In the entries that follow, the lines from the one with "J \<Longrightarrow> w" through the one with "using assms(1,2,4)" are the ones to write out, exactly and with both ends included. Nothing else should appear.

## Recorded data

:::

lemma power_far_from_one:
  fixes x :: "'a::real_normed_div_algebra"
  assumes "x \<noteq> 1"
  shows "\<exists>n. 1/2 \<le> norm (x ^ n - 1)"
proof (rule ccontr)
  assume "\<not> ?thesis"
  then have near: "norm (x ^ n - 1) < 1/2" for n by (simp add: not_le)
  define d where "d = norm (x - 1)"
  have "d > 0" using assms by (simp add: d_def)
  have grow: "(3/2)^k * d \<le> norm (x ^ (2^k) - 1)" for k
  proof (induction k)
    case (Suc k)
    define y where "y = x ^ (2^k)"
    \<comment> \<open>Squaring a point within 1/2 of 1 multiplies its distance to 1 by at least 3/2.\<close>
    have "2 = norm ((y + 1) - (y - 1))" by simp
    also have "\<dots> \<le> norm (y + 1) + norm (y - 1)" by (rule norm_triangle_ineq4)
    finally have "3/2 \<le> norm (y + 1)" using near[of "2^k"] by (simp add: y_def)
    moreover have "x ^ (2 ^ Suc k) - 1 = (y - 1) * (y + 1)"
      by (simp add: y_def power_mult[symmetric] mult_2 power_add algebra_simps)
    ultimately have "norm (y - 1) * (3/2) \<le> norm (x ^ (2 ^ Suc k) - 1)"
      by (metis mult_left_mono norm_ge_zero norm_mult)
    with Suc.IH show ?case by (simp add: y_def)
  qed (simp add: d_def)
  obtain k where "1 / (2 * d) < (3/2::real)^k" using real_arch_pow[of "3/2" "1 / (2 * d)"] by auto
  then have "1/2 < (3/2)^k * d" using \<open>d > 0\<close> by (simp add: field_simps)
  with grow[of k] near[of "2^k"] show False by linarith
qed

lemma norm_divide_minus_one_le:
  fixes a b :: "'a::real_normed_field"
  assumes "r > 0" "r \<le> norm b"
  shows "norm (a / b - 1) \<le> dist a b / r"
proof -
  have "norm b > 0" using assms by linarith
  then have "a / b - 1 = (a - b) / b" by (simp add: field_simps)
  then have "norm (a / b - 1) = dist a b / norm b" by (simp add: dist_norm norm_divide)
  also have "\<dots> \<le> dist a b / r"
    using assms \<open>norm b > 0\<close> by (intro divide_left_mono) auto
  finally show ?thesis .
qed

lemma gprod_mono_neutral:
  assumes "finite F" "G \<subseteq> F" "\<And>a. a \<in> F - G \<Longrightarrow> z a = 0"
  shows "gprod F z = gprod G z"
  unfolding gprod_def using assms by (intro ext prod.mono_neutral_right) auto

lemma gprod_diff:
  assumes "F \<subseteq> CstarI"
  shows "gprod F (\<lambda>a. z a - z' a) i = gprod F z i / gprod F z' i"
proof -
  have "gprod F (\<lambda>a. z a - z' a) i = (\<Prod>a\<in>F. a i powi z a / a i powi z' a)"
    unfolding gprod_def using assms by (intro prod.cong refl power_int_diff) (auto simp: CstarI_def)
  then show ?thesis by (simp add: prod_dividef gprod_def)
qed

lemma gprod_in_CstarI: "finite F \<Longrightarrow> F \<subseteq> CstarI \<Longrightarrow> gprod F z \<in> CstarI"
  by (auto simp: CstarI_def gprod_def)

lemma norm_gprod:
  assumes "finite F" "F \<subseteq> CstarI"
  shows "cmod (gprod F z i) = exp (\<Sum>a\<in>F. of_int (z a) * ln (cmod (a i)))"
proof -
  have "cmod (a i powi z a) = exp (of_int (z a) * ln (cmod (a i)))" if "a \<in> F" for a
  proof -
    have "cmod (a i) = exp (ln (cmod (a i)))" using that assms(2) by (auto simp: CstarI_def)
    then show ?thesis by (metis exp_power_int norm_power_int)
  qed
  then show ?thesis using assms(1) by (simp add: gprod_def exp_sum prod_norm[symmetric])
qed

lemma sum_insert_adjusted_coefficients:
  fixes c b v :: "'a \<Rightarrow> 'b::field"
  assumes "finite Q"
  shows "(\<Sum>q\<in>insert t Q. ((if q \<in> Q then c q - l * b q else 0) + (if q = t then l else 0)) * v q) =
    (\<Sum>q\<in>Q. c q * v q) - l * ((\<Sum>q\<in>Q. b q * v q) - v t)"
proof -
  have "(\<Sum>q\<in>insert t Q. ((if q \<in> Q then c q - l * b q else 0) + (if q = t then l else 0)) * v q) =
      (\<Sum>q\<in>insert t Q. if q \<in> Q then (c q - l * b q) * v q else 0) +
      (\<Sum>q\<in>insert t Q. if q = t then l * v q else 0)"
    unfolding sum.distrib[symmetric] by (intro sum.cong refl) (auto simp: distrib_right)
  also have "(\<Sum>q\<in>insert t Q. if q \<in> Q then (c q - l * b q) * v q else 0) = (\<Sum>q\<in>Q. (c q - l * b q) * v q)"
    using assms by (intro sum.mono_neutral_cong_right) auto
  also have "(\<Sum>q\<in>insert t Q. if q = t then l * v q else 0) = l * v t"
    using assms by (simp add: sum.delta')
  finally show ?thesis by (simp add: algebra_simps sum_subtractf sum_distrib_left)
qed

lemma finite_spanning_subset:
  fixes u :: "'a \<Rightarrow> 'j \<Rightarrow> real"
  assumes "finite J"
  obtains Q c where "finite Q" "Q \<subseteq> S" "\<And>p j. p \<in> S \<Longrightarrow> j \<in> J \<Longrightarrow> u p j = (\<Sum>q\<in>Q. c p q * u q j)"
  using assms
proof (induction J arbitrary: thesis rule: finite_induct)
  case empty
  show ?case by (rule empty.prems[of "{}"]) auto
next
  case (insert j0 J)
  obtain Q c where Q: "finite Q" "Q \<subseteq> S"
    and c: "\<And>p j. p \<in> S \<Longrightarrow> j \<in> J \<Longrightarrow> u p j = (\<Sum>q\<in>Q. c p q * u q j)"
    using insert.IH by blast
  define d where "d p = u p j0 - (\<Sum>q\<in>Q. c p q * u q j0)" for p
  show ?case
  proof (cases "\<forall>p\<in>S. d p = 0")
    case True
    then show ?thesis using Q c by (intro insert.prems[of Q c]) (auto simp: d_def)
  next
    case False
    then obtain t where t: "t \<in> S" "d t \<noteq> 0" by blast
    \<comment> \<open>Add \<open>d p / d t\<close> times the difference between \<open>u t\<close> and its representation:
      this vanishes on \<open>J\<close> and corrects the coordinate \<open>j0\<close>.\<close>
    define c' where
      "c' p q = (if q \<in> Q then c p q - d p / d t * c t q else 0) + (if q = t then d p / d t else 0)" for p q
    have c': "(\<Sum>q\<in>insert t Q. c' p q * u q j) =
        (\<Sum>q\<in>Q. c p q * u q j) - d p / d t * ((\<Sum>q\<in>Q. c t q * u q j) - u t j)" for p j
      unfolding c'_def by (rule sum_insert_adjusted_coefficients[OF Q(1)])
    show ?thesis
    proof (rule insert.prems[of "insert t Q" c'])
      fix p j assume p: "p \<in> S" and "j \<in> insert j0 J"
      then consider "j = j0" | "j \<in> J" by blast
      then show "u p j = (\<Sum>q\<in>insert t Q. c' p q * u q j)"
      proof cases
        case 1
        have "(\<Sum>q\<in>Q. c t q * u q j0) - u t j0 = - d t" "u p j0 = (\<Sum>q\<in>Q. c p q * u q j0) + d p"
          by (simp_all add: d_def)
        with t(2) show ?thesis unfolding c' 1 by simp
      next
        case 2
        then show ?thesis unfolding c' using c[OF p 2] c[OF t(1) 2] by simp
      qed
    next
      show "finite (insert t Q)" using Q(1) by simp
    next
      show "insert t Q \<subseteq> S" using Q(2) t(1) by simp
    qed
  qed
qed

lemma infinite_family_close_on_finite_set:
  fixes w :: "'a \<Rightarrow> 'j \<Rightarrow> 'b::metric_space"
  assumes "finite J" "infinite S" "compact K" "\<And>p j. p \<in> S \<Longrightarrow> j \<in> J \<Longrightarrow> w p j \<in> K" "e > 0"
  obtains S' where "S' \<subseteq> S" "infinite S'"
    "\<And>p p' j. p \<in> S' \<Longrightarrow> p' \<in> S' \<Longrightarrow> j \<in> J \<Longrightarrow> dist (w p j) (w p' j) < e"
  using assms(1,2,4)
proof (induction J arbitrary: S thesis rule: finite_induct)
  case empty
  show ?case by (rule empty.prems(1)[of S]) (use empty.prems(2) in auto)
next
  case (insert j0 J)
  obtain S' where S': "S' \<subseteq> S" "infinite S'"
    and close: "\<And>p p' j. p \<in> S' \<Longrightarrow> p' \<in> S' \<Longrightarrow> j \<in> J \<Longrightarrow> dist (w p j) (w p' j) < e"
  proof (rule insert.IH[of S])
    show "infinite S" by (fact insert.prems(2))
    show "w p j \<in> K" if "p \<in> S" "j \<in> J" for p j using insert.prems(3) that by blast
  qed (rule that)
  obtain D where D_fin: "finite D" and D: "K \<subseteq> (\<Union>x\<in>D. ball x (e/2))"
  proof (rule compactE_image[OF assms(3), of K "\<lambda>x. ball x (e/2)"])
    show "K \<subseteq> (\<Union>x\<in>K. ball x (e/2))" using assms(5) by force
  qed auto
  have "\<forall>p\<in>S'. \<exists>x\<in>D. w p j0 \<in> ball x (e/2)"
  proof
    fix p assume "p \<in> S'"
    then have "w p j0 \<in> K" using S'(1) insert.prems(3) by blast
    with D show "\<exists>x\<in>D. w p j0 \<in> ball x (e/2)" by (simp add: subset_iff)
  qed
  from pigeonhole_infinite_rel[OF S'(2) D_fin this]
  obtain x where x: "infinite {p\<in>S'. w p j0 \<in> ball x (e/2)}" by (elim bexE)
  show ?case
  proof (rule insert.prems(1))
    show "{p\<in>S'. w p j0 \<in> ball x (e/2)} \<subseteq> S" using S'(1) by blast
    show "infinite {p\<in>S'. w p j0 \<in> ball x (e/2)}" by (fact x)
    fix p p' j assume "p \<in> {p\<in>S'. w p j0 \<in> ball x (e/2)}" "p' \<in> {p\<in>S'. w p j0 \<in> ball x (e/2)}"
      "j \<in> insert j0 J"
    then show "dist (w p j) (w p' j) < e"
      using close dist_triangle_half_r[of x "w p j0" e "w p' j0"] by (auto simp: dist_commute)
  qed
qed
lemma convex_hull_Vset_subset_pos_avgs:
  "convex hull (Vset P) \<subseteq> pos_avgs P ` Collect prep_density"
proof (rule hull_minimal)
  have "(P T1 Pos x, P T2 Pos x, P T3 Pos x) \<in> pos_avgs P ` Collect prep_density" for x
  proof
    show "(P T1 Pos x, P T2 Pos x, P T3 Pos x) = pos_avgs P (point_dens x)"
      unfolding pos_avgs_def dens_avg_point_dens ..
  qed (simp add: prep_density_point_dens)
  then show "Vset P \<subseteq> pos_avgs P ` Collect prep_density"
    unfolding Vset_def by blast
  show "convex (pos_avgs P ` Collect prep_density)"
  proof (rule convexI)
    fix y z :: "real \<times> real \<times> real" and u v :: real
    assume "y \<in> pos_avgs P ` Collect prep_density" "z \<in> pos_avgs P ` Collect prep_density"
      and uv: "0 \<le> u" "0 \<le> v" "u + v = 1"
    then obtain p q where "prep_density p" "prep_density q" "y = pos_avgs P p" "z = pos_avgs P q"
      by auto
    moreover from uv have "v = 1 - u" "u \<le> 1" by auto
    ultimately have "u *\<^sub>R y + v *\<^sub>R z = pos_avgs P (dens_mix u p q)"
      and "prep_density (dens_mix u p q)"
      using uv(1) by (simp_all add: pos_avgs_mix prep_density_mix)
    then show "u *\<^sub>R y + v *\<^sub>R z \<in> pos_avgs P ` Collect prep_density" by simp
  qed
qed

lemma opstat_eq:
  "opstat P (E k y) = P k y" "opstat P Omega = (\<lambda>_. 1)" "opstat P NullEff = (\<lambda>_. 0)"
  by (rule ext, simp)+

lemma stat_dens_single_effect:
  "stat_dens P (\<lambda>e'. if e' = e then 1 else 0) p = dens_avg p (opstat P e)"
proof -
  have "(\<Sum>x\<in>{x. p x \<noteq> 0}. (if e' = e then 1 else 0) * p x * opstat P e' x)
      = (if e' = e then dens_avg p (opstat P e) else 0)" for e'
    unfolding dens_avg_def by auto
  then show ?thesis unfolding stat_dens_def by simp
qed
lemma cut_in_break_pieces:
  assumes k: "k \<in> {1..Suc a}" and r: "r \<in> breaks_at a k"
  shows "cut a k r \<in> break_pieces a k"
proof -
  define S where "S = {t \<in> {1..a}. r t < k}"
  define u where "u = restrict r S"
  define v where "v = restrict (\<lambda>t. r t - k) ({1..a} - S)"
  have rf: "r \<in> {1..a} \<rightarrow>\<^sub>E {1..Suc a}" and below: "\<forall>i\<in>{1..<k}. i \<le> count_le {1..a} r i"
    and above: "\<forall>i\<in>{k<..Suc a}. i \<le> count_le {1..a} r i + 1"
    using r unfolding breaks_at_def by auto
  have Ssub: "S \<subseteq> {1..a}" by (auto simp: S_def)
  have u_lt: "t \<in> S \<Longrightarrow> u t < k" for t by (simp add: S_def u_def)
  have r_glue: "count_le {1..a} r i = count_le {1..a} (glue a k (S, u, v)) i" for i
    by (rule count_le_cong) (auto simp: glue_def S_def u_def v_def)
  note count = count_le_glue[where S = S and u = u and k = k and v = v, OF Ssub u_lt, folded r_glue]
  have S_le: "S = {t \<in> {1..a}. r t \<le> k}" and cS: "card S = k - 1"
    using breaks_at_entries_below[OF r k] by (simp_all add: S_def)
  have high: "k < r t" if "t \<in> {1..a} - S" for t
    using that unfolding S_le by auto
  have cR: "card ({1..a} - S) = Suc a - k" by (rule card_complement_piece[OF Ssub cS k])
  have "u \<in> pf_on S"
  proof (rule pf_onI)
    have "1 \<le> r t" if "t \<in> {1..a}" for t using rf that by (auto simp: PiE_iff)
    then show "u \<in> S \<rightarrow>\<^sub>E {1..card S}" using cS by (auto simp: S_def u_def)
    show "i \<le> count_le S u i" if "i \<in> {1..card S}" for i
    proof -
      have i: "i \<in> {1..<k}" using that cS by auto
      then have "i \<le> count_le {1..a} r i" using below by blast
      then show ?thesis using count(1)[where i = i] i by simp
    qed
  qed
  moreover have "v \<in> pf_on ({1..a} - S)"
  proof (rule pf_onI)
    show "v \<in> ({1..a} - S) \<rightarrow>\<^sub>E {1..card ({1..a} - S)}"
    proof (rule PiE_I)
      fix t assume t: "t \<in> {1..a} - S"
      have "r t \<le> Suc a" using rf t by (auto simp: PiE_iff)
      then show "v t \<in> {1..card ({1..a} - S)}" using high[OF t] t cR by (auto simp: v_def)
    qed (auto simp: v_def)
    show "i \<le> count_le ({1..a} - S) v i" if i: "i \<in> {1..card ({1..a} - S)}" for i
    proof -
      have "k + i \<in> {k<..Suc a}" using i cR k by auto
      then have "k + i \<le> count_le {1..a} r (k + i) + 1" using above by blast
      then show ?thesis using count(2)[where i = "k + i"] cS k by simp
    qed
  qed
  moreover have "cut a k r = (S, u, v)" by (simp add: cut_def S_def u_def v_def Let_def)
  ultimately show ?thesis using Ssub cS by (simp add: break_pieces_def)
qed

:::

## Result of this exercise
  assumes "finite J" "infinite S" "compact K" "\<And>p j. p \<in> S \<Longrightarrow> j \<in> J \<Longrightarrow> w p j \<in> K" "e > 0"
  obtains S' where "S' \<subseteq> S" "infinite S'"
    "\<And>p p' j. p \<in> S' \<Longrightarrow> p' \<in> S' \<Longrightarrow> j \<in> J \<Longrightarrow> dist (w p j) (w p' j) < e"
  using assms(1,2,4)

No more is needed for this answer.